Ginnie Mae removes a step for servicers on some FHA loan modifications

New streamlined documentation requirements could make it easier for mortgage companies to quickly help some borrowers with long-term losses of income from the pandemic as temporary payment suspensions end.

The change will allow companies processing some of the tens of billions of dollars worth of newly issued mortgage-backed securities that government agency Ginnie Mae insures each month to skip certain requirements when modifying mortgages to accommodate lower monthly payments.

When issuers and servicers are processing the COVID-19 Advance Loan Modification available for Federal Housing Administration-insured mortgages, they can now eliminate a requirement for recordation and title insurance in some cases. The ALM reduces monthly principal and interest payments by a minimum of 25%.

Servicers must still supply the document custodian with an original, fully executed modification agreement signed by all borrowers and in recordable form. The loan file also must be clearly labeled as an ALM to use the streamlined documentation requirements. In the cases where they’re used, document custodians won’t have to verify recordation except where Ginnie still considers it necessary. The guidance is available for use in conjunction with ALMs both on a go-forward basis and retroactively.

Recordation will still be required if it’s needed to maintain an enforceable first-lien position. It also will still be necessary if leases or rent are part of the modification agreement. In cases where the modification is recorded, compliance with the usual requirements around title insurance and lien subordination must be met.

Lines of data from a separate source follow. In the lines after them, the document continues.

lemma measure_accepted_first_in:
  fixes P :: "'w measure" and X :: "nat \<Rightarrow> 'w \<Rightarrow> 'a" and C :: "'w \<Rightarrow> bool"
  assumes P: "prob_space P" and pbar: "prob_space pbar"
    and r: "r \<in> borel_measurable pbar" and M: "M \<ge> 1"
    and X_meas: "\<And>i. i \<in> {1..M} \<Longrightarrow> X i \<in> measurable P pbar"
    and X_law: "\<And>i. i \<in> {1..M} \<Longrightarrow> distr P pbar (X i) = pbar"
    and X_indep: "prob_space.indep_vars P (\<lambda>_. pbar) X {1..M}"
    and A_meas: "(\<lambda>(u, t, x, \<mu>). A u t x \<mu>)
              \<in> borel_measurable (borel \<Otimes>\<^sub>M borel \<Otimes>\<^sub>M pbar \<Otimes>\<^sub>M subprob_algebra pbar)"
    and A_range: "\<And>u t x \<mu>. t \<in> {0..1} \<Longrightarrow> x \<in> space pbar \<Longrightarrow> \<mu> \<in> space (prob_algebra pbar)
                     \<Longrightarrow> 0 \<le> A u t x \<mu> \<and> A u t x \<mu> \<le> 1"
    and C_cond: "\<And>B. B \<in> sets (PiM {1..M} (\<lambda>_. pbar)) \<Longrightarrow>
        measure P {w \<in> space P. C w \<and> (\<lambda>j\<in>{1..M}. X j w) \<in> B}
        = (\<integral>w. indicator B (\<lambda>j\<in>{1..M}. X j w) * accept_prob_first pbar r M A (\<lambda>j. X j w) \<partial>P)"
    and B: "B \<in> sets pbar"
  shows "measure P {w \<in> space P. X 1 w \<in> B \<and> C w} = (\<integral>x. indicator B x * accept_g pbar r M A x \<partial>pbar)"
proof -
  interpret P: prob_space P by (rule P)
  let ?N = "PiM {1..M} (\<lambda>_. pbar)" and ?F = "accept_prob_first pbar r M A"
    and ?X = "\<lambda>w. \<lambda>j\<in>{1..M}. X j w"
  define B1 where "B1 = {xs \<in> space ?N. xs 1 \<in> B}"
  have one: "1 \<in> {1..M}" using M by simp
  have B1: "B1 \<in> sets ?N"
    using measurable_sets[OF measurable_component_singleton[OF one] B]
    by (simp add: B1_def vimage_def Int_def conj_commute)
  have "?X \<in> measurable P ?N"
    using X_meas by (intro measurable_restrict)
  then have "{w \<in> space P. X 1 w \<in> B \<and> C w} = {w \<in> space P. C w \<and> ?X w \<in> B1}"
    using one by (auto simp: B1_def dest: measurable_space)
  then have "measure P {w \<in> space P. X 1 w \<in> B \<and> C w}
      = (\<integral>w. indicator B1 (?X w) * ?F (\<lambda>j. X j w) \<partial>P)"
    using C_cond[OF B1] by simp
  also have "\<dots> = (\<integral>w. indicator B1 (?X w) * ?F (?X w) \<partial>P)"
    by (simp only: accept_prob_first_restrict[OF M])
  also have "\<dots> = (\<integral>xs. indicator B1 xs * ?F xs \<partial>?N)"
    using M X_meas X_law X_indep
    by (intro P.integral_iid_vector[where G="\<lambda>xs. indicator B1 xs * ?F xs"] borel_measurable_times
        borel_measurable_indicator B1 borel_measurable_accept_prob_first r M A_meas) auto
  also have "\<dots> = (\<integral>xs. indicator B (xs 1) * ?F xs \<partial>?N)"
    by (intro Bochner_Integration.integral_cong) (auto simp: B1_def indicator_def)
  also have "\<dots> = (\<integral>x. indicator B x * accept_g pbar r M A x \<partial>pbar)"
    by (rule integral_accept_prob_first_eq_accept_g[OF pbar r M A_meas A_range B])
  finally show ?thesis .
qed

theorem lemma2:
  fixes P :: "'w measure" and pbar :: "'a measure"
    and r :: "'a \<Rightarrow> real" and M :: nat and \<alpha> :: real
    and X :: "nat \<Rightarrow> 'w \<Rightarrow> 'a" and C :: "nat \<Rightarrow> 'w \<Rightarrow> bool"
    and A :: "real \<Rightarrow> real \<Rightarrow> 'a \<Rightarrow> 'a measure \<Rightarrow> real"
  assumes P: "prob_space P"
    and pbar: "prob_space pbar"
    and r_meas: "r \<in> borel_measurable pbar"
    and M: "M \<ge> 1"
    and alpha: "\<alpha> > 0"
    and X_meas: "\<And>i. i \<in> {1..M} \<Longrightarrow> X i \<in> measurable P pbar"
    and X_law: "\<And>i. i \<in> {1..M} \<Longrightarrow> distr P pbar (X i) = pbar"
    and X_indep: "prob_space.indep_vars P (\<lambda>_. pbar) X {1..M}"
    and A_meas: "(\<lambda>(u, t, x, \<mu>). A u t x \<mu>)
                   \<in> borel_measurable (borel \<Otimes>\<^sub>M borel \<Otimes>\<^sub>M pbar \<Otimes>\<^sub>M subprob_algebra pbar)"
    and A_range: "\<And>u t x \<mu>. t \<in> {0..1} \<Longrightarrow> x \<in> space pbar \<Longrightarrow> \<mu> \<in> space (prob_algebra pbar)
                     \<Longrightarrow> 0 \<le> A u t x \<mu> \<and> A u t x \<mu> \<le> 1"
    and A_mono1: "\<And>u u' t x \<mu>. u \<le> u' \<Longrightarrow> t \<in> {0..1} \<Longrightarrow> x \<in> space pbar
                     \<Longrightarrow> \<mu> \<in> space (prob_algebra pbar) \<Longrightarrow> A u t x \<mu> \<le> A u' t x \<mu>"
    and A_mono2: "\<And>u t t' x \<mu>. t \<le> t' \<Longrightarrow> t \<in> {0..1} \<Longrightarrow> t' \<in> {0..1} \<Longrightarrow> x \<in> space pbar
                     \<Longrightarrow> \<mu> \<in> space (prob_algebra pbar) \<Longrightarrow> A u t x \<mu> \<le> A u t' x \<mu>"
    and C_meas: "\<And>i. i \<in> {1..M} \<Longrightarrow> {w \<in> space P. C i w} \<in> sets P"
    and C_cond: "\<And>i B. i \<in> {1..M} \<Longrightarrow> B \<in> sets (PiM {1..M} (\<lambda>_. pbar)) \<Longrightarrow>
        measure P {w \<in> space P. C i w \<and> (\<lambda>j\<in>{1..M}. X j w) \<in> B}
        = (\<integral>w. indicator B (\<lambda>j\<in>{1..M}. X j w) *
              A (r (X i w)) (empirical_cdf r M (\<lambda>j. X j w) (r (X i w))) (X i w)
                (empirical_measure pbar M (\<lambda>j. X j w)) \<partial>P)"
    and accept_pos: "measure P {w \<in> space P. C 1 w} > 0"
  shows "\<forall>B \<in> sets pbar.
           cond_prob P (\<lambda>w. X 1 w \<in> B) (\<lambda>w. C 1 w)
           = (LINT x:B|pbar. accept_g pbar r M A x) / (\<integral>x. accept_g pbar r M A x \<partial>pbar)"
proof
  have one: "1 \<in> {1..M}" using M by simp
  have C1_cond: "measure P {w \<in> space P. C 1 w \<and> (\<lambda>j\<in>{1..M}. X j w) \<in> B'}
      = (\<integral>w. indicator B' (\<lambda>j\<in>{1..M}. X j w) * accept_prob_first pbar r M A (\<lambda>j. X j w) \<partial>P)"
    if "B' \<in> sets (PiM {1..M} (\<lambda>_. pbar))" for B'
    using C_cond[OF one that] by (simp add: accept_prob_first_def)
  have accepted_first_in: "measure P {w \<in> space P. X 1 w \<in> B \<and> C 1 w}
      = (\<integral>x. indicator B x * accept_g pbar r M A x \<partial>pbar)" if "B \<in> sets pbar" for B
    using P pbar r_meas M X_meas X_law X_indep A_meas A_range C1_cond that
    by (rule measure_accepted_first_in)
  have "{w \<in> space P. C 1 w} = {w \<in> space P. X 1 w \<in> space pbar \<and> C 1 w}"
    using measurable_space[OF X_meas[OF one]] by auto
  then have accepted: "measure P {w \<in> space P. C 1 w} = (\<integral>x. accept_g pbar r M A x \<partial>pbar)"
    using accepted_first_in[OF sets.top] by (simp cong: Bochner_Integration.integral_cong)
  fix B assume "B \<in> sets pbar"
  with accepted_first_in accepted show "cond_prob P (\<lambda>w. X 1 w \<in> B) (\<lambda>w. C 1 w)
      = (LINT x:B|pbar. accept_g pbar r M A x) / (\<integral>x. accept_g pbar r M A x \<partial>pbar)"
    unfolding cond_prob_def set_lebesgue_integral_def by simp
qed

end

The streamlined documentation requirements will remain in place through the first five months of next year and be discontinued for all loan pools issued July 1, 2023, and thereafter.

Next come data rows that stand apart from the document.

lemma set_integral_affine_interval_measure:
  fixes F :: "real \<Rightarrow> real"
  assumes "mono F" and "continuous_on UNIV F" and "\<And>x. F (-x) = 1 - F x" and "0 \<le> h"
  shows "(LINT x:{-h..h}|interval_measure F. a + c * x) = a * (F h - F (-h))"
proof -
  have "emeasure (interval_measure F) {-h..h} = F h - F (-h)"
    using emeasure_interval_measure_Icc[OF _ monoD[OF \<open>mono F\<close>] \<open>continuous_on UNIV F\<close>] \<open>0 \<le> h\<close>
    by simp
  moreover have "F (-h) \<le> F h" using monoD[OF \<open>mono F\<close>] \<open>0 \<le> h\<close> by simp
  ultimately show ?thesis
    using set_integral_affine_reflection_invariant[OF distr_uminus_interval_measure[OF assms(1-3)]]
    by (simp add: measure_def)
qed

lemma piB_pos:
  assumes "qH > 0" "q1 \<ge> 0" "q2 \<ge> 0" "phi1 F R \<ge> 0" "phi2 F R \<ge> 0"
  shows "piB F qH q1 q2 R > 0"
  unfolding piB_def using assms by (simp add: add_pos_nonneg)

lemma piD_pos:
  assumes "qH + q1 + q2 + qL = 1" "q1 \<ge> 0" "q2 \<ge> 0" "qL > 0" "phi1 F R \<le> 1" "phi2 F R \<le> 1"
  shows "piD F qH q1 q2 R > 0"
proof -
  have "piD F qH q1 q2 R = q1 * (1 - phi1 F R) + q2 * (1 - phi2 F R) + qL"
    unfolding piD_def piB_def using assms(1) by (simp add: algebra_simps)
  then show ?thesis using assms by (simp add: add_nonneg_pos)
qed

lemma piB_UB_plus_piD_UD:
  assumes "piB F qH q1 q2 R \<noteq> 0" "piD F qH q1 q2 R \<noteq> 0"
  shows "piB F qH q1 q2 R * UB F qH q1 q2 R i + piD F qH q1 q2 R * UD F qH q1 q2 R i = U0 qH q1 q2 i"
  using assms unfolding UB_def UD_def U0_def pB_H_def pB_1_def pB_2_def pD_H_def pD_1_def pD_2_def
  by (simp add: field_simps)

Problems Ginnie Mae securities issuers faced in fulfilling documentation quickly enough to keep up with ALM requirements appear to have prompted the streamlining effort.

“The proactive nature of the ALM, and the timeline associated with it, make it difficult for issuers to comply both with the FHA’s requirements to offer the ALM, and Ginnie Mae’s requirements for recordation and title insurance,” the government bond insurer said in an All Participant Memorandum announcing the streamlined documentation requirements.

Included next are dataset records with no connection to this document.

(* Let $\mathbb{M}$ be a weight sequence with sequence of quotients $\mathbf{m}=(m_p)_{p\in\mathbb{N}_0}$, and let $\beta\ge0$. The following are equivalent: (i) there exists $C>0$ such that $\sum_{k=p}^{\infty}\frac{(k+1)^{\beta-1}}{m_k}\le C\frac{(p+1)^{\beta}}{m_p}$ for all $p\in\mathbb{N}_0$; (ii) there exists $\varepsilon>0$ such that $(m_p/p^{\beta+\varepsilon})_{p\in\mathbb{N}}$ is almost increasing; (iii) there exists a sequence $\mathbf{h}\simeq\mathbf{m}$ such that $((p+1)^{-\beta}h_p)_{p\in\mathbb{N}_0}$ is nondecreasing and $\inf_{p\ge1}\frac{h_{2p}}{h_p}>2^{\beta}$; (iv) $\lim_{k\to\infty}\liminf_{p\to\infty}\frac{m_{kp}}{k^{\beta}m_p}=\infty$; (v) there exists $k\in\mathbb{N}$, $k\ge2$, such that $\liminf_{p\to\infty}\frac{m_{kp}}{m_p}>k^{\beta}$; (vi) for every $\theta\in(0,1)$ there exists $k\in\mathbb{N}$, $k\ge2$, such that $m_p\le\theta k^{-\beta}m_{kp}$ for every $p\in\mathbb{N}$; (vii) $\beta(\mathbf{m})>\beta$; (viii) $\gamma(\mathbb{M})>\beta$; (ix) there exists $C>0$ such that $\sum_{k=0}^{p}\frac{m_k}{(k+1)^{1+\beta}}\le C\frac{m_p}{(p+1)^{\beta}}$ for every $p\in\mathbb{N}_0$.
   Context: A weight sequence is a sequence $\mathbb{M}=(M_p)_{p\in\mathbb{N}_0}$ of positive reals with $M_0=1$, logarithmically convex ($M_p^2\le M_{p-1}M_{p+1}$ for $p\in\mathbb{N}$) and $\lim_{p\to\infty}M_p^{1/p}=\infty$; its quotients are $m_p=M_{p+1}/M_p$. A sequence $(a_p)_{p\in\mathbb{N}}$ is almost increasing if there is $M>0$ with $a_p\le Ma_q$ for all $p\le q$. $\mathbf{h}\simeq\mathbf{m}$ means there is $c\ge1$ with $c^{-1}m_p\le h_p\le cm_p$ for all $p$. $\beta(\mathbf{m})$ is the lower Matuszewska index of the sequence $(m_{p-1})_{p\in\mathbb{N}}$, defined as $\beta(f)$ for the step function $f(x)=m_{\lfloor x\rfloor-1}$, $x\ge1$, where $\beta(f):=\sup\{\beta\in\mathbb{R}:\exists D_\beta>0\ \forall\Lambda>1,\ \liminf_{x\to\infty}\inf_{\lambda\in[1,\Lambda]}\frac{f(\lambda x)}{\lambda^{\beta}f(x)}\ge D_\beta\}$. For $\gamma\in\mathbb{R}$, $\mathbb{M}$ satisfies $(P_\gamma)$ if there is a real sequence $\boldsymbol{\ell}\simeq\mathbf{m}$ with $((p+1)^{-\gamma}\ell_p)_{p\in\mathbb{N}_0}$ nondecreasing; $\gamma(\mathbb{M}):=\sup\{\gamma\in\mathbb{R}:(P_\gamma)\text{ holds}\}$ ($\sup\emptyset=-\infty$). *)

theory Defs
  imports "HOL-Analysis.Analysis"
begin

definition weight_sequence :: "(nat \<Rightarrow> real) \<Rightarrow> bool" where
  "weight_sequence M \<longleftrightarrow>
     (\<forall>p. M p > 0) \<and> M 0 = 1 \<and>
     (\<forall>p\<ge>1. (M p)\<^sup>2 \<le> M (p - 1) * M (p + 1)) \<and>
     filterlim (\<lambda>p. M p powr (1 / real p)) at_top sequentially"

definition quotients :: "(nat \<Rightarrow> real) \<Rightarrow> nat \<Rightarrow> real" where
  "quotients M p = M (Suc p) / M p"

definition almost_increasing :: "(nat \<Rightarrow> real) \<Rightarrow> bool" where
  "almost_increasing a \<longleftrightarrow> (\<exists>K>0. \<forall>p q. 1 \<le> p \<longrightarrow> p \<le> q \<longrightarrow> a p \<le> K * a q)"

definition seq_equiv :: "(nat \<Rightarrow> real) \<Rightarrow> (nat \<Rightarrow> real) \<Rightarrow> bool" where
  "seq_equiv h m \<longleftrightarrow> (\<exists>c\<ge>1. \<forall>p. m p / c \<le> h p \<and> h p \<le> c * m p)"

text \<open>Lower Matuszewska index of a function f (defined for large x), as an extended real
  (sup of the empty set is -\<infinity>).\<close>
definition lower_matuszewska :: "(real \<Rightarrow> real) \<Rightarrow> ereal" where
  "lower_matuszewska f = Sup {ereal b | b. \<exists>D>0. \<forall>\<Lambda>>1.
      Liminf at_top (\<lambda>x. ereal (INF t\<in>{1..\<Lambda>}. f (t * x) / (t powr b * f x))) \<ge> ereal D}"

text \<open>\<beta>(m): the lower Matuszewska index of (m_{p-1})_{p\<ge>1}, via the step function
  f(x) = m_{\<lfloor>x\<rfloor>-1}, x \<ge> 1.\<close>
definition beta_index :: "(nat \<Rightarrow> real) \<Rightarrow> ereal" where
  "beta_index m = lower_matuszewska (\<lambda>x. m (nat \<lfloor>x\<rfloor> - 1))"

definition P_cond :: "real \<Rightarrow> (nat \<Rightarrow> real) \<Rightarrow> bool" where
  "P_cond \<gamma> M \<longleftrightarrow> (\<exists>l. seq_equiv l (quotients M) \<and>
      mono (\<lambda>p. (real p + 1) powr (- \<gamma>) * l p))"

definition gamma_index :: "(nat \<Rightarrow> real) \<Rightarrow> ereal" where
  "gamma_index M = Sup {ereal \<gamma> | \<gamma>. P_cond \<gamma> M}"

end

theory Submission
  imports Defs
begin

(*
  Condition (ii), the almost increase of m_p / p^(beta + eps), is the hub.  It gives (i) and (ix) by
  comparison with the power sums of (k + 1)^(-1 - eps) and (k + 1)^(eps - 1), (iii) and (viii) by
  regularising m_p / p^(beta + eps) through its running maximum, and (iv) and (vii) by comparing
  m_p with m_(tp).  Conversely, (i), (iii), (v), (vii) and (ix) each yield a geometric gain
  m_(b^j p) >= A rho^j (b^j)^beta m_p with rho > 1 along the powers of a fixed b; for the sums this is
  because the partial sums grow, and the tails shrink, by a fixed factor when p is doubled.  Such a
  gain is (vi), and (vi) with theta = 1/2 says m_(kp) >= k^(beta + eps) m_p for eps = log_k 2, which
  interpolates between the powers of k to (ii).  (iv) trivially implies (v), and (viii) gives (ii)
  directly.
*)

lemma powr_mvt:
  fixes a b r :: real
  assumes "0 < a" "a < b"
  obtains z where "a < z" "z < b" "b powr r - a powr r = (b - a) * (r * z powr (r - 1))"
proof -
  have "((\<lambda>z. z powr r) has_real_derivative r * x powr (r - 1)) (at x)"
    if "a \<le> x" "x \<le> b" for x
    using assms that by (intro has_real_derivative_powr) auto
  from MVT2[OF assms(2) this] that show ?thesis
    by auto
qed

lemma sum_powr_le:
  fixes e :: real
  assumes "0 < e" "e \<le> 1"
  shows "(\<Sum>k\<le>p. (real k + 1) powr (e - 1)) \<le> (real p + 1) powr e / e"
proof (induction p)
  case 0
  then show ?case using assms by simp
next
  case (Suc p)
  obtain z where z: "real p + 1 < z" "z < real p + 2"
    "(real p + 2) powr e - (real p + 1) powr e = e * z powr (e - 1)"
    using powr_mvt[of "real p + 1" "real p + 2" e] by auto
  have "(real p + 2) powr (e - 1) \<le> z powr (e - 1)"
    using z assms by (intro powr_mono2') auto
  then have "(real (Suc p) + 1) powr (e - 1) \<le> ((real (Suc p) + 1) powr e - (real p + 1) powr e) / e"
    using z assms by (simp add: field_simps add.commute)
  with Suc show ?case
    using assms by (simp add: field_simps)
qed

lemma powr_le_telescoping:
  fixes e x :: real
  assumes "0 < e" "0 \<le> x"
  shows "(x + 1) powr (-1 - e) \<le> 2 powr (1 + e) / e * ((x + 1) powr (-e) - (x + 2) powr (-e))"
proof -
  obtain z where z: "x + 1 < z" "z < x + 2"
    and mvt: "(x + 2) powr (-e) - (x + 1) powr (-e) = (x + 2 - (x + 1)) * (- e * z powr (-e - 1))"
    using powr_mvt[of "x + 1" "x + 2" "-e"] assms by auto
  have "-e - 1 = -1 - e"
    by simp
  with mvt have diff: "(x + 1) powr (-e) - (x + 2) powr (-e) = e * z powr (-1 - e)"
    by simp
  have "(x + 1) powr (-1 - e) = 2 powr (1 + e) * (2 * (x + 1)) powr (-1 - e)"
    unfolding powr_mult by (simp add: powr_add[symmetric])
  also have "\<dots> \<le> 2 powr (1 + e) * z powr (-1 - e)"
    using z assms by (intro mult_left_mono powr_mono2') auto
  also have "\<dots> = 2 powr (1 + e) / e * ((x + 1) powr (-e) - (x + 2) powr (-e))"
    using diff assms by simp
  finally show ?thesis .
qed

lemma iterated_dilation_bound:
  fixes f :: "nat \<Rightarrow> real"
  assumes step: "\<And>p. P \<le> p \<Longrightarrow> r * f p \<le> f (k * p)"
    and "0 \<le> r" "1 \<le> k" "P \<le> p"
  shows "r ^ i * f p \<le> f (k ^ i * p)"
proof (induction i)
  case 0
  then show ?case by simp
next
  case (Suc i)
  have "p \<le> k ^ i * p"
    using assms(3) by simp
  then have "P \<le> k ^ i * p"
    using assms(4) by linarith
  then have "r * f (k ^ i * p) \<le> f (k * (k ^ i * p))"
    by (rule step)
  moreover have "r * (r ^ i * f p) \<le> r * f (k ^ i * p)"
    using Suc assms(2) by (intro mult_left_mono)
  ultimately show ?case
    by (simp add: mult.assoc mult.left_commute)
qed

The move also may be aimed at addressing broader concerns about whether or how quickly borrowers with hardships are gaining access to more expansive modifications put in place as a form of post-forbearance relief.

A group of state attorneys general recently reported that some of their constituents weren’t being offered some of the more recent modifications available for pandemic relief, and relatively high numbers of seriously delinquent borrowers have been exiting forbearance without loss mitigation in place.

The FHA and Ginnie, which are both arms of the Department of Housing and Urban Development, have made several moves with the aim of making modifications more accessible to borrowers who have pandemic related hardships, including making it possible to extend loan terms to 40 years, and allowing for the use of digital signatures.

“In order to fully stabilize the economy, servicers need as many tools as possible to help homeowners recover from the pandemic’s economic effects,” Ginnie Mae President Alanna McCargo said in a press release.